Saturday, September 3, 2011

This morning we had our first Serbian class. Ceca picked us up and walked with us to a pekare (пекаре, bakery) for breakfast. I had a pastry made of not-quite-philo-dough and stuffed with a warm apple paste, sprinkled with powdered sugar. We went onward to the University of Novi Sad, to the Philosophy building where the Serbian classes are held. There we met Ivana, our teacher, and Mikhail, our classmate who's visiting from Russia.

During class, we steamed through virtually all of the Serbian I know. We went through the alphabet-- Mikhail was far better at the cyrillic, and we were better at the latinic. We went over the basic numbers, and a few other concepts.


Outside our classroom was a poster describing the various types of emergency alarms. I was most surprised by two: one depicted a mushroom cloud, which I guess we have in some old or highly populated public areas in America; and the other showed a pair of jet fighters and two bombs. Ceca joked with me, "We used that when you bombed us." "Sorry about that," I replied. She knows that I was only six years old during the air raids, and none of the Serbians I've run into yet seem at all hostile toward Americans because of the events of 1999.

After class, we walked back to the area around our hostel. We went to a café and started our homework: transliterating latninic Serbian into cyrillic. I had an espresso to ward off jet lag.

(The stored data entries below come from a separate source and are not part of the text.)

lemma expectation_poi2_inverse_square_fweight_le_diff_regime:
  assumes K: "K \<ge> 1" and l: "l \<ge> 0" and u: "u \<ge> 0"
    and large: "fweight K l u > 4" and regime: "fweight K l u = \<bar>l - u\<bar> / sqrt K"
  shows "measure_pmf.expectation (poi2 l u) (\<lambda>x. 1 / (fweight K (real (fst x)) (real (snd x)))^2)
      \<le> 29 / (fweight K l u)^2"
proof -
  define f where "f = fweight K l u"
  define tau where "tau = 3 * \<bar>l - u\<bar> / 4"
  have sK: "sqrt K > 0" "sqrt K \<ge> 1" "sqrt K * sqrt K = K" using K by auto
  have D: "\<bar>l - u\<bar> = f * sqrt K" using regime sK unfolding f_def by (simp add: field_simps)
  hence D4: "\<bar>l - u\<bar> > 4" using large sK unfolding f_def by (smt (verit) mult_le_cancel_left1)
  have far: "\<bar>real (fst x) - real (snd x) - (l - u)\<bar> \<ge> tau"
    if "fweight K (real (fst x)) (real (snd x)) < f / 4" for x
  proof -
    have "\<bar>real (fst x) - real (snd x)\<bar> / sqrt K < \<bar>l - u\<bar> / sqrt K / 4"
      using fweight_ge_diff[of "real (fst x)" "real (snd x)" K] that unfolding f_def regime by linarith
    hence "\<bar>real (fst x) - real (snd x)\<bar> < \<bar>l - u\<bar> / 4" using sK by (simp add: field_simps)
    moreover have "\<bar>l - u\<bar> \<le> \<bar>real (fst x) - real (snd x)\<bar> + \<bar>real (fst x) - real (snd x) - (l - u)\<bar>"
      using abs_triangle_ineq4[of "real (fst x) - real (snd x)" "real (fst x) - real (snd x) - (l - u)"]
      by simp
    ultimately show ?thesis unfolding tau_def by argo
  qed
  have "l + u \<le> K * f"
    using fweight_ge_sum[of l u K] sK unfolding f_def by (simp add: field_simps)
  also have "\<dots> = \<bar>l - u\<bar> * sqrt K"
    unfolding D using K by (simp add: mult_ac)
  finally have "l + u \<le> \<bar>l - u\<bar> * sqrt K" .
  hence "(l + u)^2 * f^2 \<le> \<bar>l - u\<bar>^4"
    using l u D sK by (smt (verit, best) mult_right_mono power2_eq_square power4_eq_xxxx
        zero_le_mult_iff mult.assoc mult.commute)
  moreover have "l + u \<ge> 1" using D4 l u by linarith
  ultimately have "(l + u + 3 * (l + u)^2) / tau^4 \<le> 13 / f^2"
    unfolding tau_def using fourth_moment_ratio_le[of "l + u" "\<bar>l - u\<bar>" f] D4 large f_def by simp
  moreover have "measure_pmf.expectation (poi2 l u) (\<lambda>x. 1 / (fweight K (real (fst x)) (real (snd x)))^2)
      \<le> 16 / f^2 + (l + u + 3 * (l + u)^2) / tau^4"
    using expectation_inverse_square_le_fourth_moment[OF fweight_ge_1 _ _ far
        integrable_poi2_diff_fourth_central[OF l u]] large D4 unfolding f_def
    by (simp add: expectation_poi2_diff_fourth_central[OF l u] tau_def)
  ultimately show ?thesis unfolding f_def by simp
qed
(* Let $E$ be a Fréchet space, $E^*$ its topological dual with the weak$^*$ topology, $J=[a,b]$ with $a<b$, and $f,g:J\to E^*$ continuous. Then $$\int_a^b\big\{f(t)(\mu(t))+g(t)(\mu'(t))\big\}\,dt=0$$ for every $\mu\in C^1(J,E)$ with $\mu(a)=\mu(b)=0$ if and only if the map $h:J\to E^*$, $$h(t)=g(t)-\int_a^t f(s)\,ds,$$ is constant on $J$.
   Context: $C^1(J,E)$ denotes continuously differentiable curves $J\to E$. For a continuous $f:J\to E^*$, $\int_a^t f(s)\,ds$ denotes the element $l_t\in E^*$ with $l_t(e)=\int_a^t f(s)(e)\,ds$ for all $e\in E$ (this element exists). *)

theory Defs
  imports "HOL-Analysis.Analysis"
begin

text \<open>A Frechet space is modelled as a real vector space whose topology is
generated by a countable separating family of seminorms p n (n :: nat), complete
with respect to that family.\<close>

definition seminorm :: "('a::real_vector \<Rightarrow> real) \<Rightarrow> bool" where
  "seminorm q \<longleftrightarrow> (\<forall>x. 0 \<le> q x) \<and> (\<forall>x y. q (x + y) \<le> q x + q y)
     \<and> (\<forall>c x. q (c *\<^sub>R x) = \<bar>c\<bar> * q x)"

definition fr_open :: "(nat \<Rightarrow> 'a::real_vector \<Rightarrow> real) \<Rightarrow> 'a set \<Rightarrow> bool" where
  "fr_open p U \<longleftrightarrow> (\<forall>x\<in>U. \<exists>N. \<exists>\<epsilon>>0. {y. \<forall>n\<le>N. p n (y - x) < \<epsilon>} \<subseteq> U)"

definition fr_topology :: "(nat \<Rightarrow> 'a::real_vector \<Rightarrow> real) \<Rightarrow> 'a topology" where
  "fr_topology p = topology (fr_open p)"

definition frechet_space :: "(nat \<Rightarrow> 'a::real_vector \<Rightarrow> real) \<Rightarrow> bool" where
  "frechet_space p \<longleftrightarrow> (\<forall>n. seminorm (p n))
     \<and> (\<forall>x. (\<forall>n. p n x = 0) \<longrightarrow> x = 0)
     \<and> (\<forall>X :: nat \<Rightarrow> 'a. (\<forall>n. \<forall>\<epsilon>>0. \<exists>M. \<forall>i\<ge>M. \<forall>j\<ge>M. p n (X i - X j) < \<epsilon>)
          \<longrightarrow> (\<exists>L. limitin (fr_topology p) X L sequentially))"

Around five in the afternoon, Milica, our homestay coordinator, picked us up and took us to the shipyard. We boarded a small boat (brod/брод) and went down the Danube a ways, passing under two bridges (rebuilt where the old ones had been bombed out during NATO's air raids) and passing the Austro-Hungarian era fortress. It was warm out there in the sun, and the beaches on the river were in heavy use.

Going back upstream, our captain dropped us up at a restaurant floating on the river where we met Ceca and her husband, Ivan, for dinner. The Danube is particularly low right now, so we got to see a few swimmers "walk on water."



We talked there until a little after sunset, then took a taxi back into town. While Charlotte, Dominique, and I were waiting with Ivan for the rest of the crew when I noticed a sign for Liberty Square, Trg Slobode (Трг Слободе). Ivan explained to me that the name "Slobodan" literally means "liberty" or "freedom." Oh, irony.

We have a new nickname going around. Whoever's done something stupid gets the name "glupa klupa" (глупа клупа) or "stupid bench." Charlotte and Dominique also started assigning us permanent nicknames, with help from Ceca, Milica, and the rest of us. Mine is Pera Ždera, (Пера Ждера) or "Peter the Eater" after a cartoon character I've never heard of, and being the only one to have finished every meal.

After dinner, Jacob and I sat out at a café and watched Serbia pull out ahead of Northern Ireland 1-0 in the EuroCup qualifiers, then headed back to the hostel.